This next Graph shows the ex-post forecasts. It turns out that the integrated model with calendar variables and outliers is the best because the true observations are all within the prediction bands of this model.
#### Plot
ind <- (NROW(y) - J + 1) : NROW(y)
ind1 <- 1 : NROW(ind)
par(mfrow = c(1,1))
ylim <- range(
x1$lower[ind1], x1$upper[ind1], x2$lower[ind1], x2$upper[ind1],
x3$lower[ind1], x3$upper[ind1], x4$lower[ind1], x4$upper[ind1] )
time <- dati$TIME_PERIOD[ind]
plot(x = time, y = y[ind], ylim = c(60,125),
main = "(Ex-post) Past 12 months forecasts", xlab = "time", ylab = "Production")

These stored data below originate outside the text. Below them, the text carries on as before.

(* Let $(X,\tau)$ be a locally convex Hausdorff space, $\widetilde{\tau}$ a locally convex Hausdorff topology on $X$, and suppose $(X,\widetilde{\gamma})$, $\widetilde{\gamma}=\widetilde{\gamma}(\tau,\widetilde{\tau})$, satisfies $(\mathrm{B}\tau\mathrm{B}\widetilde{\gamma})$. Then $(X,\widetilde{\gamma})$ is a semi-Montel space if and only if $(X,\tau)$ satisfies (BBC) for $\widetilde{\tau}$.
   Context: lcH = locally convex Hausdorff. (BBC) for $\widetilde{\tau}$: every $\tau$-bounded subset of $X$ is contained in an absolutely convex $\tau$-bounded $\widetilde{\tau}$-compact set. $\widetilde{\gamma}(\tau,\widetilde{\tau})$: the finest lcH topology on $X$ coinciding with $\widetilde{\tau}$ on all $\tau$-bounded sets; $(X,\widetilde{\gamma})$ satisfies $(\mathrm{B}\tau\mathrm{B}\widetilde{\gamma})$ if a subset of $X$ is $\tau$-bounded iff it is $\widetilde{\gamma}$-bounded. *)

theory Defs
  imports "HOL-Analysis.Analysis"
begin

definition vector_topology :: "'a::real_vector topology \<Rightarrow> bool" where
  "vector_topology T \<longleftrightarrow> topspace T = UNIV \<and>
     continuous_map (prod_topology T T) T (\<lambda>(x, y). x + y) \<and>
     continuous_map (prod_topology euclideanreal T) T (\<lambda>(a, x). a *\<^sub>R x)"

definition lcH_topology :: "'a::real_vector topology \<Rightarrow> bool" where
  "lcH_topology T \<longleftrightarrow> vector_topology T \<and> Hausdorff_space T \<and>
     (\<forall>U. openin T U \<and> 0 \<in> U \<longrightarrow> (\<exists>V. openin T V \<and> 0 \<in> V \<and> convex V \<and> V \<subseteq> U))"

definition balanced_set :: "'a::real_vector set \<Rightarrow> bool" where
  "balanced_set S \<longleftrightarrow> (\<forall>a x. \<bar>a\<bar> \<le> 1 \<and> x \<in> S \<longrightarrow> a *\<^sub>R x \<in> S)"

definition absolutely_convex :: "'a::real_vector set \<Rightarrow> bool" where
  "absolutely_convex S \<longleftrightarrow> convex S \<and> balanced_set S"

definition tvs_bounded :: "'a::real_vector topology \<Rightarrow> 'a set \<Rightarrow> bool" where
  "tvs_bounded T S \<longleftrightarrow>
     (\<forall>U. openin T U \<and> 0 \<in> U \<longrightarrow> (\<exists>t>0. S \<subseteq> (\<lambda>x. t *\<^sub>R x) ` U))"

definition is_gamma_tilde :: "'a::real_vector topology \<Rightarrow> 'a topology \<Rightarrow> 'a topology \<Rightarrow> bool" where
  "is_gamma_tilde t tt g \<longleftrightarrow>
     lcH_topology g \<and>
     (\<forall>B. tvs_bounded t B \<longrightarrow> subtopology g B = subtopology tt B) \<and>
     (\<forall>s. lcH_topology s \<and> (\<forall>B. tvs_bounded t B \<longrightarrow> subtopology s B = subtopology tt B)
          \<longrightarrow> (\<forall>U. openin s U \<longrightarrow> openin g U))"

definition semi_Montel :: "'a::real_vector topology \<Rightarrow> bool" where
  "semi_Montel T \<longleftrightarrow> (\<forall>B. tvs_bounded T B \<longrightarrow> compactin T (T closure_of B))"

definition BBC :: "'a::real_vector topology \<Rightarrow> 'a topology \<Rightarrow> bool" where
  "BBC t tt \<longleftrightarrow> (\<forall>B. tvs_bounded t B \<longrightarrow>
     (\<exists>K. B \<subseteq> K \<and> absolutely_convex K \<and> tvs_bounded t K \<and> compactin tt K))"

definition same_bounded :: "'a::real_vector topology \<Rightarrow> 'a topology \<Rightarrow> bool" where
  "same_bounded t g \<longleftrightarrow> (\<forall>B. tvs_bounded t B \<longleftrightarrow> tvs_bounded g B)"

end

theory Submission
  imports Defs
begin

text \<open>
  On a \<open>t\<close>-bounded set the topologies \<open>g\<close> and \<open>tt\<close> coincide, so a \<open>t\<close>-bounded set is
  \<open>g\<close>-compact iff it is \<open>tt\<close>-compact; and \<open>t\<close> and \<open>g\<close> have the same bounded sets.
  If \<open>g\<close> is semi-Montel, the \<open>g\<close>-closure of the absolutely convex hull of a \<open>t\<close>-bounded set
  is \<open>g\<close>-compact, hence bounded, hence \<open>tt\<close>-compact, and it is absolutely convex, which
  gives (BBC). Conversely, a \<open>g\<close>-bounded set lies in a \<open>t\<close>-bounded \<open>tt\<close>-compact set \<open>K\<close>;
  then \<open>K\<close> is \<open>g\<close>-compact, hence \<open>g\<close>-closed, and contains the \<open>g\<close>-closure of the set.
\<close>

lemma lcH_topology_imp_vector_topology: "lcH_topology T \<Longrightarrow> vector_topology T"
  by (simp add: lcH_topology_def)

lemma lcH_topology_topspace: "lcH_topology T \<Longrightarrow> topspace T = UNIV"
  by (simp add: lcH_topology_def vector_topology_def)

lines(x = time, y = x1$mean[ind1], col = "red")
lines(x = time, y = x2$mean[ind1], col = "cyan")
lines(x = time, y = x3$mean[ind1], col = "violet")

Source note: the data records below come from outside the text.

lemma gbq_no_nonzero_solution_if_critical:
  assumes crit: "critical_gbq v l m n a b c d e"
    and eq: "y^2 + (l*x^2 + m*x*z + n*z^2) * y = a*x^4 + b*x^3*z + c*x^2*z^2 + d*x*z^3 + e*z^4"
    and nonzero: "(x, z, y) \<noteq> (0, 0, 0)"
  shows False
proof -
  from crit have hl: "vge v l 1" and hm: "vge v m 1" and hn: "vge v n 2" and ha: "veq v a 1"
    and hb: "vge v b 2" and hc: "vge v c 2" and hd: "vge v d 3" and he: "veq v e 3"
    unfolding critical_gbq_def by auto
  have ha': "vge v a 1" and he': "vge v e 3"
    using ha he by (auto intro: veq_imp_vge)
  define L where "L = l*x^2 + m*x*z + n*z^2"
  have eq: "y^2 + L * y = a*x^4 + b*x^3*z + c*x^2*z^2 + d*x*z^3 + e*z^4"
    using eq unfolding L_def .
  consider (X) "x \<noteq> 0" "vge v z (v x)" | (Z) "z \<noteq> 0" "vge v x (v z + 1)" | (O) "x = 0" "z = 0"
    unfolding vge_def by force
  then show False
  proof cases
    case X
    define X where "X = v x"
    have hx: "vge v x X" and hz: "vge v z X"
      using X vge_self unfolding X_def by auto
    have hL: "vge v L (1 + 2*X)"
      unfolding L_def
      by (intro vge_add; rule vge_mono, (rule vge_mult vge_power hl hm hn hx hz)+, simp)
    consider (small_y) "y \<noteq> 0" "v y \<le> 2*X" | (large_y) "vge v y (2*X + 1)"
      unfolding vge_def by force
    then show False
    proof cases
      case small_y
      let ?t = "y^2" and ?r = "L * y - (a*x^4 + b*x^3*z + c*x^2*z^2 + d*x*z^3 + e*z^4)"
      have "?t + ?r = 0"
        using eq by algebra
      moreover have "veq v ?t (2 * v y)"
        using small_y by (simp add: veq_def v_power)
      moreover have "vge v ?r (2 * v y + 1)"
        using small_y(2)
        by - (intro vge_add vge_diff; rule vge_mono,
            (rule vge_mult vge_power hL ha' hb hc hd he' hx hz vge_self[of v y])+, simp)
      ultimately show False
        using add_ne_zero_if_dominant[of ?t _ ?r] by fastforce
    next
      case large_y
      let ?t = "a*x^4" and ?r = "b*x^3*z + c*x^2*z^2 + d*x*z^3 + e*z^4 - y^2 - L*y"
      have "?t + ?r = 0"
        using eq by algebra
      moreover have "veq v ?t (1 + 4 * X)"
        using ha X unfolding veq_def X_def by (simp add: v_monomial)
      moreover have "vge v ?r (2 + 4 * X)"
        by (intro vge_add vge_diff; rule vge_mono,
            (rule vge_mult vge_power hL ha' hb hc hd he' hx hz large_y)+, simp)
      ultimately show False
        using add_ne_zero_if_dominant[of ?t _ ?r] by fastforce
    qed
  next
    case Z
    define Z where "Z = v z"
    have hx: "vge v x (Z + 1)" and hz: "vge v z Z"
      using Z vge_self unfolding Z_def by auto
    have hL: "vge v L (2 + 2*Z)"
      unfolding L_def
      by (intro vge_add; rule vge_mono, (rule vge_mult vge_power hl hm hn hx hz)+, simp)
    consider (small_y) "y \<noteq> 0" "v y \<le> 2*Z + 1" | (large_y) "vge v y (2*Z + 2)"
      unfolding vge_def by force
    then show False
    proof cases
      case small_y
      let ?t = "y^2" and ?r = "L * y - (a*x^4 + b*x^3*z + c*x^2*z^2 + d*x*z^3 + e*z^4)"
      have "?t + ?r = 0"
        using eq by algebra
      moreover have "veq v ?t (2 * v y)"
        using small_y by (simp add: veq_def v_power)
      moreover have "vge v ?r (2 * v y + 1)"
        using small_y(2)
        by - (intro vge_add vge_diff; rule vge_mono,
            (rule vge_mult vge_power hL ha' hb hc hd he' hx hz vge_self[of v y])+, simp)
      ultimately show False
        using add_ne_zero_if_dominant[of ?t _ ?r] by fastforce
    next
      case large_y
      let ?t = "e*z^4" and ?r = "a*x^4 + b*x^3*z + c*x^2*z^2 + d*x*z^3 - y^2 - L*y"
      have "?t + ?r = 0"
        using eq by algebra
      moreover have "veq v ?t (3 + 4 * Z)"
        using he Z unfolding veq_def Z_def by (simp add: v_monomial)
      moreover have "vge v ?r (4 + 4 * Z)"
        by (intro vge_add vge_diff; rule vge_mono,
            (rule vge_mult vge_power hL ha' hb hc hd he' hx hz large_y)+, simp)
      ultimately show False
        using add_ne_zero_if_dominant[of ?t _ ?r] by fastforce
    qed
  next
    case O
    then show False
      using eq nonzero unfolding L_def by simp
  qed
qed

lines(x = time, y = x4$mean[ind1], col = "blue")
lines(x = time, y = predn.1[ind1], col = "green", lty = "solid")
lines(x = time, y = x4$lower[ind1], col = "blue", lty = "dotted")
lines(x = time, y = x4$upper[ind1], col = "blue", lty = "dotted")
legend("bottomleft", inset=0, title="Arima: ",
legend=c("Simple","+ cal", "+ anomalies", "+ cal + outliers", "naive"),
col=c("red","cyan", "violet", "blue" ,"green"), lty=1, cex=0.75)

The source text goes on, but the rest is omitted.